* GIVEN DATA *
(* Let $v$ be a typical weight, let $T$ be an intrinsic operator on $\mathcal{H}(\mathbb{D})$ and let $X$ be an initial space. (i) Let $T:X\to H_v$ be bounded and for $N\in\mathbb{N}$ let $D_N=\{z\in\mathbb{D}:\|T^*K_z^H\|>N\}$. If $\lim_{N\to\infty}\sup_{z\in D_N}v(z)\|T^*K_z^H\|=0$, then $T:X\to H_v$ is compact. (ii) Let $T:X\to\mathcal{B}_v$ be bounded and for $N\in\mathbb{N}$ let $D_N=\{z\in\mathbb{D}:\|T^*K_{z,1}^{\mathcal{B}}\|>N\}$. If $\lim_{N\to\infty}\sup_{z\in D_N}v(z)\|T^*K_{z,1}^{\mathcal{B}}\|=0$, then $T:X\to\mathcal{B}_v$ is compact.
   Context: $\mathcal{H}(\mathbb{D})$ is the space of holomorphic functions on the unit disk $\mathbb{D}$ with the topology $\tau_{uc}$ of uniform convergence on compact subsets. A linear operator $T$ on $\mathcal{H}(\mathbb{D})$ is intrinsic if it maps $\tau_{uc}$-convergent sequences to $\tau_{uc}$-convergent sequences. An initial space is a Banach space $X\subset\mathcal{H}(\mathbb{D})$ containing the polynomials such that every sequence in the closed unit ball of $X$ has a subsequence converging in $\tau_{uc}$ to some function in $X$. A typical weight is a continuous radial $v:\mathbb{D}\to(0,1]$, non-increasing in $|z|$, with $v(z)\to0$ as $|z|\to1$. $H_v=\{f:\sup_z v(z)|f(z)|<\infty\}$ with that supremum as norm; $\mathcal{B}_v=\{f:\sup_z v(z)|f'(z)|<\infty\}$ with norm $|f(0)|+\sup_z v(z)|f'(z)|$. $K_z^H$ is the point evaluation $g\mapsto g(z)$ on $H_v$, $K_{z,1}^{\mathcal{B}}$ the derivative point evaluation $g\mapsto g'(z)$ on $\mathcal{B}_v$, and $T^*$ the adjoint of $T:X\to H_v$ (resp. $\mathcal{B}_v$). *)

theory Defs
  imports "HOL-Complex_Analysis.Complex_Analysis" "HOL-Computational_Algebra.Polynomial"
begin

text \<open>Convention: an element of H(D) is represented by a function complex => complex
  that is holomorphic on the open unit disk and vanishes outside it (so that
  functions are determined by their values on the disk).\<close>

abbreviation disk :: "complex set" where "disk \<equiv> ball 0 1"

definition Hol :: "(complex \<Rightarrow> complex) set" where
  "Hol = {f. f holomorphic_on disk \<and> (\<forall>z. z \<notin> disk \<longrightarrow> f z = 0)}"

definition uc_conv :: "(nat \<Rightarrow> complex \<Rightarrow> complex) \<Rightarrow> (complex \<Rightarrow> complex) \<Rightarrow> bool" where
  "uc_conv fs f \<longleftrightarrow> (\<forall>K. compact K \<and> K \<subseteq> disk \<longrightarrow> uniform_limit K fs f sequentially)"

definition intrinsic :: "((complex \<Rightarrow> complex) \<Rightarrow> (complex \<Rightarrow> complex)) \<Rightarrow> bool" where
  "intrinsic T \<longleftrightarrow>
     (\<forall>f\<in>Hol. T f \<in> Hol) \<and>
     (\<forall>f\<in>Hol. \<forall>g\<in>Hol. T (\<lambda>z. f z + g z) = (\<lambda>z. T f z + T g z)) \<and>
     (\<forall>f\<in>Hol. \<forall>c. T (\<lambda>z. c * f z) = (\<lambda>z. c * T f z)) \<and>
     (\<forall>fs f. (\<forall>n. fs n \<in> Hol) \<and> f \<in> Hol \<and> uc_conv fs f \<longrightarrow>
        (\<exists>g\<in>Hol. uc_conv (\<lambda>n. T (fs n)) g))"

definition typical_weight :: "(complex \<Rightarrow> real) \<Rightarrow> bool" where
  "typical_weight v \<longleftrightarrow>
     continuous_on disk v \<and>
     (\<forall>z\<in>disk. \<forall>w\<in>disk. cmod z = cmod w \<longrightarrow> v z = v w) \<and>
     (\<forall>z\<in>disk. 0 < v z \<and> v z \<le> 1) \<and>
     (\<forall>z\<in>disk. \<forall>w\<in>disk. cmod z \<le> cmod w \<longrightarrow> v w \<le> v z) \<and>
     (\<forall>e>0. \<exists>r<1. \<forall>z\<in>disk. r < cmod z \<longrightarrow> v z < e)"

definition initial_space :: "(complex \<Rightarrow> complex) set \<Rightarrow> ((complex \<Rightarrow> complex) \<Rightarrow> real) \<Rightarrow> bool" where
  "initial_space X nX \<longleftrightarrow>
     X \<subseteq> Hol \<and>
     (\<forall>p. (\<lambda>z. if z \<in> disk then poly (p :: complex poly) z else (0::complex)) \<in> X) \<and>
     (\<forall>f\<in>X. \<forall>g\<in>X. (\<lambda>z. f z + g z) \<in> X) \<and>
     (\<forall>f\<in>X. \<forall>c. (\<lambda>z. c * f z) \<in> X) \<and>
     (\<forall>f\<in>X. 0 \<le> nX f) \<and>
     (\<forall>f\<in>X. nX f = 0 \<longleftrightarrow> f = (\<lambda>z. 0)) \<and>
     (\<forall>f\<in>X. \<forall>c. nX (\<lambda>z. c * f z) = cmod c * nX f) \<and>
     (\<forall>f\<in>X. \<forall>g\<in>X. nX (\<lambda>z. f z + g z) \<le> nX f + nX g) \<and>
     (\<forall>fs. (\<forall>n. fs n \<in> X) \<and>
           (\<forall>e::real>0. \<exists>M::nat. \<forall>m\<ge>M. \<forall>n\<ge>M. nX (\<lambda>z. fs m z - fs n z) < e) \<longrightarrow>
           (\<exists>f\<in>X. (\<lambda>n. nX (\<lambda>z. fs n z - f z)) \<longlonglongrightarrow> 0)) \<and>
     (\<forall>fs. (\<forall>n. fs n \<in> X \<and> nX (fs n) \<le> 1) \<longrightarrow>
           (\<exists>(r::nat\<Rightarrow>nat) g. strict_mono r \<and> g \<in> X \<and> uc_conv (fs \<circ> r) g))"

definition Hv :: "(complex \<Rightarrow> real) \<Rightarrow> (complex \<Rightarrow> complex) set" where
  "Hv v = {f\<in>Hol. bdd_above ((\<lambda>z. v z * cmod (f z)) ` disk)}"

definition normHv :: "(complex \<Rightarrow> real) \<Rightarrow> (complex \<Rightarrow> complex) \<Rightarrow> real" where
  "normHv v f = (SUP z\<in>disk. v z * cmod (f z))"

definition Bv :: "(complex \<Rightarrow> real) \<Rightarrow> (complex \<Rightarrow> complex) set" where
  "Bv v = {f\<in>Hol. bdd_above ((\<lambda>z. v z * cmod (deriv f z)) ` disk)}"

definition normBv :: "(complex \<Rightarrow> real) \<Rightarrow> (complex \<Rightarrow> complex) \<Rightarrow> real" where
  "normBv v f = cmod (f 0) + (SUP z\<in>disk. v z * cmod (deriv f z))"

definition bounded_op :: "(complex \<Rightarrow> complex) set \<Rightarrow> ((complex \<Rightarrow> complex) \<Rightarrow> real)
     \<Rightarrow> (complex \<Rightarrow> complex) set \<Rightarrow> ((complex \<Rightarrow> complex) \<Rightarrow> real)
     \<Rightarrow> ((complex \<Rightarrow> complex) \<Rightarrow> (complex \<Rightarrow> complex)) \<Rightarrow> bool" where
  "bounded_op X nX Y nY T \<longleftrightarrow>
     (\<forall>f\<in>X. T f \<in> Y) \<and> (\<exists>C. \<forall>f\<in>X. nY (T f) \<le> C * nX f)"

definition compact_op :: "(complex \<Rightarrow> complex) set \<Rightarrow> ((complex \<Rightarrow> complex) \<Rightarrow> real)
     \<Rightarrow> (complex \<Rightarrow> complex) set \<Rightarrow> ((complex \<Rightarrow> complex) \<Rightarrow> real)
     \<Rightarrow> ((complex \<Rightarrow> complex) \<Rightarrow> (complex \<Rightarrow> complex)) \<Rightarrow> bool" where
  "compact_op X nX Y nY T \<longleftrightarrow>
     (\<forall>fs. (\<forall>n. fs n \<in> X \<and> nX (fs n) \<le> 1) \<longrightarrow>
        (\<exists>(r::nat\<Rightarrow>nat) g. strict_mono r \<and> g \<in> Y \<and>
               (\<lambda>n. nY (\<lambda>z. T (fs (r n)) z - g z)) \<longlonglongrightarrow> 0))"

definition dual_norm :: "(complex \<Rightarrow> complex) set \<Rightarrow> ((complex \<Rightarrow> complex) \<Rightarrow> real)
     \<Rightarrow> ((complex \<Rightarrow> complex) \<Rightarrow> complex) \<Rightarrow> real" where
  "dual_norm X nX phi = (SUP f\<in>{f\<in>X. nX f \<le> 1}. cmod (phi f))"

text \<open>T^* K_z^H : g |-> (T g)(z) and T^* K_{z,1}^B : g |-> (T g)'(z).\<close>
definition adj_eval_norm :: "(complex \<Rightarrow> complex) set \<Rightarrow> ((complex \<Rightarrow> complex) \<Rightarrow> real)
     \<Rightarrow> ((complex \<Rightarrow> complex) \<Rightarrow> (complex \<Rightarrow> complex)) \<Rightarrow> complex \<Rightarrow> real" where
  "adj_eval_norm X nX T z = dual_norm X nX (\<lambda>g. T g z)"

definition adj_deriv_eval_norm :: "(complex \<Rightarrow> complex) set \<Rightarrow> ((complex \<Rightarrow> complex) \<Rightarrow> real)
     \<Rightarrow> ((complex \<Rightarrow> complex) \<Rightarrow> (complex \<Rightarrow> complex)) \<Rightarrow> complex \<Rightarrow> real" where
  "adj_deriv_eval_norm X nX T z = dual_norm X nX (\<lambda>g. deriv (T g) z)"

text \<open>sup over D_N = {z in D. a z > N} of v z * a z; the supremum over the empty set is 0.\<close>
definition sup_DN :: "(complex \<Rightarrow> real) \<Rightarrow> (complex \<Rightarrow> real) \<Rightarrow> nat \<Rightarrow> real" where
  "sup_DN v a N = Sup (insert 0 ((\<lambda>z. v z * a z) ` {z\<in>disk. a z > real N}))"

end

theory Submission
  imports Defs
begin

text \<open>Given a bounded sequence in X, pass to a subsequence converging locally uniformly;
  the differences h_n to its limit stay bounded in X, and T h_n -> 0 locally uniformly because T
  is intrinsic. The weighted supremum of T h_n is split into three regions: on a disk |z| <= r it
  is small by local uniform convergence; where ||T^* K_z|| > N it is at most
  ||h_n|| * sup_{D_N} v ||T^* K_z||, small by hypothesis; elsewhere it is at most N ||h_n|| v(z),
  small once r is close to 1. The B_v case is the same argument for derivative evaluations, the
  Cauchy estimates transferring local uniform convergence to the derivatives.\<close>

lemma compact_in_disk_imp_subset_cball:
  assumes "compact K" "K \<subseteq> disk"
  obtains \<rho> where "\<rho> < 1" "K \<subseteq> cball 0 \<rho>"
proof (cases "K = {}")
  case True
  then show ?thesis using that[of 0] by simp
next
  case False
  have "compact (norm ` K)"
    using assms(1) by (intro compact_continuous_image continuous_intros)
  then obtain k where "k \<in> K" and k: "\<forall>z\<in>K. norm z \<le> norm k"
    using compact_attains_sup[of "norm ` K"] False by auto
  with assms(2) show ?thesis
    by (intro that[of "norm k"]) auto
qed

lemma uc_conv_iff_cball:
  "uc_conv F f \<longleftrightarrow> (\<forall>\<rho><1. uniform_limit (cball 0 \<rho>) F f sequentially)"
proof
  assume "uc_conv F f"
  then show "\<forall>\<rho><1. uniform_limit (cball 0 \<rho>) F f sequentially"
    unfolding uc_conv_def by (auto simp: subset_eq)
next
  assume "\<forall>\<rho><1. uniform_limit (cball 0 \<rho>) F f sequentially"
  then show "uc_conv F f"
    unfolding uc_conv_def
    by (metis compact_in_disk_imp_subset_cball uniform_limit_on_subset)
qed

lemma uc_conv_zero_deriv:
  assumes hol: "\<And>n. F n \<in> Hol" and F0: "uc_conv F (\<lambda>z. 0)"
  shows "uc_conv (\<lambda>n. deriv (F n)) (\<lambda>z. 0)"
  unfolding uc_conv_iff_cball uniform_limit_sequentially_iff
proof (intro allI impI)
  fix \<rho> e :: real assume "\<rho> < 1" "e > 0"
  define \<delta> where "\<delta> = (1 - \<rho>) / 2"
  define R where "R = \<rho> + \<delta>"
  have "\<delta> > 0" "R < 1" using \<open>\<rho> < 1\<close> by (simp_all add: \<delta>_def R_def field_simps)
  obtain N where N: "\<forall>n\<ge>N. \<forall>w\<in>cball 0 R. dist (F n w) 0 < e * \<delta> / 2"
    using F0 \<open>R < 1\<close> \<open>e > 0\<close> \<open>\<delta> > 0\<close>
    unfolding uc_conv_iff_cball uniform_limit_sequentially_iff by (meson mult_pos_pos half_gt_zero)
  show "\<exists>N. \<forall>n\<ge>N. \<forall>z\<in>cball 0 \<rho>. dist (deriv (F n) z) 0 < e"
  proof (intro exI[of _ N] allI impI ballI)
    fix n z assume "n \<ge> N" "z \<in> cball (0::complex) \<rho>"
    have sub: "cball z \<delta> \<subseteq> cball 0 R"
      using \<open>z \<in> cball 0 \<rho>\<close> by (auto simp: R_def dist_norm)
        (smt (verit) norm_minus_commute norm_triangle_ineq2)
    have "cball 0 R \<subseteq> disk" using \<open>R < 1\<close> by auto
    moreover have "F n holomorphic_on disk" using hol[of n] by (simp add: Hol_def)
    ultimately have holR: "F n holomorphic_on cball 0 R"
      by (rule holomorphic_on_subset[rotated])
    have "cmod ((deriv ^^ 1) (F n) z) \<le> fact 1 * (e * \<delta> / 2) / \<delta> ^ 1"
    proof (rule Cauchy_higher_deriv_bound)
      show "F n holomorphic_on ball z \<delta>"
        using holR sub ball_subset_cball by (meson holomorphic_on_subset subset_trans)
      show "continuous_on (cball z \<delta>) (F n)"
        using holR sub by (meson holomorphic_on_imp_continuous_on holomorphic_on_subset)
      show "F n w \<in> ball 0 (e * \<delta> / 2)" if "w \<in> ball z \<delta>" for w
        using N \<open>n \<ge> N\<close> subsetD[OF sub, of w] that by (simp add: dist_commute)
    qed (use \<open>\<delta> > 0\<close> in auto)
    then show "dist (deriv (F n) z) 0 < e"
      using \<open>\<delta> > 0\<close> \<open>e > 0\<close> by simp
  qed
qed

* DESCRIPTION OF THE TASK *
From the records above, retype only the lines starting at the line that contains "Sup (insert 0" and ending at the line that contains "the differences h_n", both included.

* PROBLEM SOLUTION *
  "sup_DN v a N = Sup (insert 0 ((\<lambda>z. v z * a z) ` {z\<in>disk. a z > real N}))"

end

theory Submission
  imports Defs
begin

text \<open>Given a bounded sequence in X, pass to a subsequence converging locally uniformly;
  the differences h_n to its limit stay bounded in X, and T h_n -> 0 locally uniformly because T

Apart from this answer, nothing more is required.